theorem mainTheorem14:
  fixes n :: nat
  shows "\<exists>C>0. \<forall>(I::nat set) (A::nat set) V d (\<epsilon>::real) X.
     synchronous_game I A V \<and> card A = n \<and>
     (\<forall>i\<in>I. \<forall>a\<in>A. unitary_mat d (X i a)) \<and>
     bcs_eps_rep I A V d \<epsilon> X \<longrightarrow>
     sync_eps_rep I A V d (C * \<epsilon>) (\<lambda>i a. (1/2 :: complex) \<cdot>\<^sub>m (1\<^sub>m d - X i a))"
proof (rule exI[of _ "real n ^ 2 + 1"], intro conjI allI impI)
  show "0 < real n ^ 2 + 1"
    by (simp add: add_nonneg_pos)
  fix I A :: "nat set" and V d and \<epsilon> :: real and X :: "nat \<Rightarrow> nat \<Rightarrow> complex mat"
  assume "synchronous_game I A V \<and> card A = n \<and> (\<forall>i\<in>I. \<forall>a\<in>A. unitary_mat d (X i a)) \<and>
    bcs_eps_rep I A V d \<epsilon> X"
  then have game: "synchronous_game I A V" and card: "card A = n"
    and unitary: "\<forall>i\<in>I. \<forall>a\<in>A. unitary_mat d (X i a)" and rep: "bcs_eps_rep I A V d \<epsilon> X"
    by blast+
  show "sync_eps_rep I A V d ((real n ^ 2 + 1) * \<epsilon>) (\<lambda>i a. (1/2 :: complex) \<cdot>\<^sub>m (1\<^sub>m d - X i a))"
  proof (cases "I = {}")
    case True
    then show ?thesis
      by (simp add: sync_eps_rep_def)
  next
    case False
    with rep have "0 \<le> \<epsilon>"
      by (rule bcs_eps_rep_nonneg)
    from sync_eps_rep_proj_of_sym[OF game unitary rep this] show ?thesis
      unfolding card proj_of_sym_def .
  qed
qed

end
lemma sys_cw_cong: "(\<And>i. i < \<kappa> \<Longrightarrow> x i = y i) \<Longrightarrow> sys_cw \<kappa> P x j = sys_cw \<kappa> P y j"
  unfolding sys_cw_def by (auto intro!: sum.cong)

lemma sys_MDS_decode:
  assumes "is_sys_MDS \<eta> \<kappa> P" and "K \<subseteq> {..<\<eta>}" and "\<kappa> \<le> card K"
    and "\<forall>j\<in>K. sys_cw \<kappa> P x j = sys_cw \<kappa> P y j" and "j < \<eta>"
  shows "sys_cw \<kappa> P x j = sys_cw \<kappa> P y j"
proof -
  have "finite K" using assms(2) finite_subset by blast
  then obtain S where "S \<subseteq> K" "card S = \<kappa>"
    using assms(3) obtain_subset_with_card_n by metis
  then show ?thesis
    using assms unfolding is_sys_MDS_def by blast
qed

subsection \<open>Column parities and the product-code property\<close>

text \<open>Entry (h, j) of the h-th virtual row of an array X with r rows: the h-th
  parity symbol of the column code applied to column j of X.\<close>
definition col_parity :: "nat \<Rightarrow> (nat \<Rightarrow> nat \<Rightarrow> 'a::field) \<Rightarrow> (nat \<Rightarrow> nat \<Rightarrow> 'a) \<Rightarrow> nat \<Rightarrow> nat \<Rightarrow> 'a"
  where "col_parity r Pc X h j = sys_cw r Pc (\<lambda>i. X i j) (r + h)"

lemma col_parity_cong:
  "(\<And>i. i < r \<Longrightarrow> X i j = Y i j) \<Longrightarrow> col_parity r Pc X h j = col_parity r Pc Y h j"
  unfolding col_parity_def by (rule sys_cw_cong)

text \<open>If every row of X is a codeword of a systematic code, so is every virtual
  row: the two encodings are linear maps and commute.\<close>
lemma col_parity_row_codeword:
  "col_parity r Pc (\<lambda>i. sys_cw \<kappa> P (x i)) h j
   = sys_cw \<kappa> P (col_parity r Pc (\<lambda>i. sys_cw \<kappa> P (x i)) h) j"
  (is "?V j = sys_cw \<kappa> P ?V j")
proof (cases "j < \<kappa>")
  case True
  then show ?thesis by (simp add: sys_cw_systematic)
next
  case False
  have "?V j = (\<Sum>i<r. (\<Sum>k<\<kappa>. x i k * P k (j - \<kappa>)) * Pc i h)"
    using False by (simp add: col_parity_def sys_cw_def)
  also have "\<dots> = (\<Sum>k<\<kappa>. (\<Sum>i<r. x i k * Pc i h) * P k (j - \<kappa>))"
    by (simp add: sum_distrib_left sum_distrib_right mult_ac sum.swap[of _ "{..<r}"])
  also have "\<dots> = sys_cw \<kappa> P ?V j"
    using False by (simp add: col_parity_def sys_cw_def)
  finally show ?thesis .
qed

lemma stripe_virtual_row_codeword:
  "col_parity r Pc (stair_stripe n m P x) h j
   = sys_cw (n - m) P (col_parity r Pc (stair_stripe n m P x) h) j"
  using col_parity_row_codeword[of r Pc "n - m" P x h j]
  by (simp add: stair_stripe_def[abs_def])

lemma peeling:
  assumes fin: "finite J"
    and step: "\<And>k j. k < card J \<Longrightarrow> k \<le> card {j\<in>J. good j} \<Longrightarrow> j \<in> J \<Longrightarrow> c j \<le> b k \<Longrightarrow> good j"
    and enough: "\<And>k. k < card J \<Longrightarrow> k + 1 \<le> card {j\<in>J. c j \<le> b k}"
  shows "\<forall>j\<in>J. good j"
proof -
  have "k \<le> card {j\<in>J. good j}" if "k \<le> card J" for k
    using that
  proof (induction k)
    case 0
    then show ?case by simp
  next
    case (Suc k)
    then have k: "k < card J" and IH: "k \<le> card {j\<in>J. good j}" by auto
    have "{j\<in>J. c j \<le> b k} \<subseteq> {j\<in>J. good j}"
      using step[OF k IH] by blast
    then have "card {j\<in>J. c j \<le> b k} \<le> card {j\<in>J. good j}"
      using fin by (intro card_mono) auto
    with enough[OF k] show ?case by simp
  qed
  then have "card J \<le> card {j\<in>J. good j}" by simp
  then have "{j\<in>J. good j} = J"
    using fin by (intro card_seteq) auto
  then show ?thesis by blast
qed

lemma sorted_rank_count:
  assumes "finite J" and "k < card J"
  shows "k + 1 \<le> card {j\<in>J. f j \<le> sort (map f (sorted_list_of_set J)) ! k}"
proof -
  define fs where "fs = sort (map f (sorted_list_of_set J))"
  define x where "x = fs ! k"
  have len: "length fs = card J" using assms(1) by (simp add: fs_def)
  have "sorted fs" by (simp add: fs_def)
  then have "{..k} \<subseteq> {i. i < length fs \<and> fs ! i \<le> x}"
    using assms(2) len by (auto simp: x_def sorted_nth_mono)
  then have "card {..k} \<le> card {i. i < length fs \<and> fs ! i \<le> x}"
    by (intro card_mono) auto
  then have "k + 1 \<le> card {i. i < length fs \<and> fs ! i \<le> x}"
    by simp
  also have "\<dots> = length (filter (\<lambda>v. v \<le> x) fs)"
    by (simp add: length_filter_conv_card)
  also have "\<dots> = length (filter (\<lambda>j. f j \<le> x) (sorted_list_of_set J))"
    by (simp add: fs_def filter_sort filter_map comp_def)
  also have "\<dots> = card {j\<in>J. f j \<le> x}"
    using assms(1) by (subst distinct_card[symmetric]) (auto intro: arg_cong[where f = card])
  finally show ?thesis by (simp add: x_def fs_def)
qed

subsection \<open>The erasure scenario\<close>

locale stair_repair =
  fixes n r m m' :: nat and e :: "nat list"
    and Prow Pcol :: "nat \<Rightarrow> nat \<Rightarrow> 'a::field"
    and d d' :: "nat \<Rightarrow> nat \<Rightarrow> 'a"
    and F :: "nat set" and L :: "nat \<Rightarrow> nat set"
  assumes e_len: "length e = m'"
    and e_sorted: "sorted e"
    and row_MDS: "is_sys_MDS (n + m') (n - m) Prow"
    and col_MDS: "is_sys_MDS (r + e ! (m' - 1)) r Pcol"
    and F_sub: "F \<subseteq> {..<n}" and F_card: "card F \<le> m"
    and L_sub: "\<forall>j\<in>{..<n} - F. L j \<subseteq> {..<r}"
    and t_bound: "card {j \<in> {..<n} - F. L j \<noteq> {}} \<le> m'"
    and f_bound: "let J = {j \<in> {..<n} - F. L j \<noteq> {}};
                      t = card J;
                      fs = sort (map (\<lambda>j. card (L j)) (sorted_list_of_set J))
                  in \<forall>i<t. fs ! (t - 1 - i) \<le> e ! (m' - 1 - i)"
    and surv: "\<forall>i<r. \<forall>j<n. j \<notin> F \<and> i \<notin> L j \<longrightarrow>
                 stair_stripe n m Prow d i j = stair_stripe n m Prow d' i j"
    and glob: "\<forall>l<m'. \<forall>h<e ! l.
                 stair_global n m r Prow Pcol d h l = stair_global n m r Prow Pcol d' h l"
begin
theorem lemma2p3:
  fixes \<phi> :: "'k::ab_group_add \<Rightarrow> 'k" and R :: "'k set" and f :: "nat \<Rightarrow> real"
  assumes "is_aut \<phi>"
    and "finite R"
    and "\<forall>k \<in> R. - k \<in> R"
    and "gen_by \<phi> (genset R) = UNIV"
    and "\<forall>r. f r \<ge> 0"
    and "filterlim f at_top sequentially"
  shows "\<exists>C::real. \<forall>\<^sub>F r in sequentially.
           real (card (U_f \<phi> R f r)) \<le> real r powr (C * f r)"
proof -
  have "\<forall>\<^sub>F r in sequentially. 1 \<le> f r \<and> 3 \<le> r"
    using assms(6) eventually_ge_at_top[of "3::nat"] unfolding filterlim_at_top
    by (auto intro: eventually_conj)
  then have "\<forall>\<^sub>F r in sequentially.
      real (card (U_f \<phi> R f r)) \<le> real r powr (real (6 * card R + 1) * f r)"
    by (rule eventually_mono) (use card_U_f_le_powr[OF assms(1,2)] in blast)
  then show ?thesis by blast
qed

end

-- -- --

Within the material above, show every line that includes "thesis".

    then show ?thesis
    from sync_eps_rep_proj_of_sym[OF game unitary rep this] show ?thesis
  then show ?thesis
  then show ?thesis by (simp add: sys_cw_systematic)
  finally show ?thesis .
  then show ?thesis by blast
  finally show ?thesis by (simp add: x_def fs_def)
  then show ?thesis by blast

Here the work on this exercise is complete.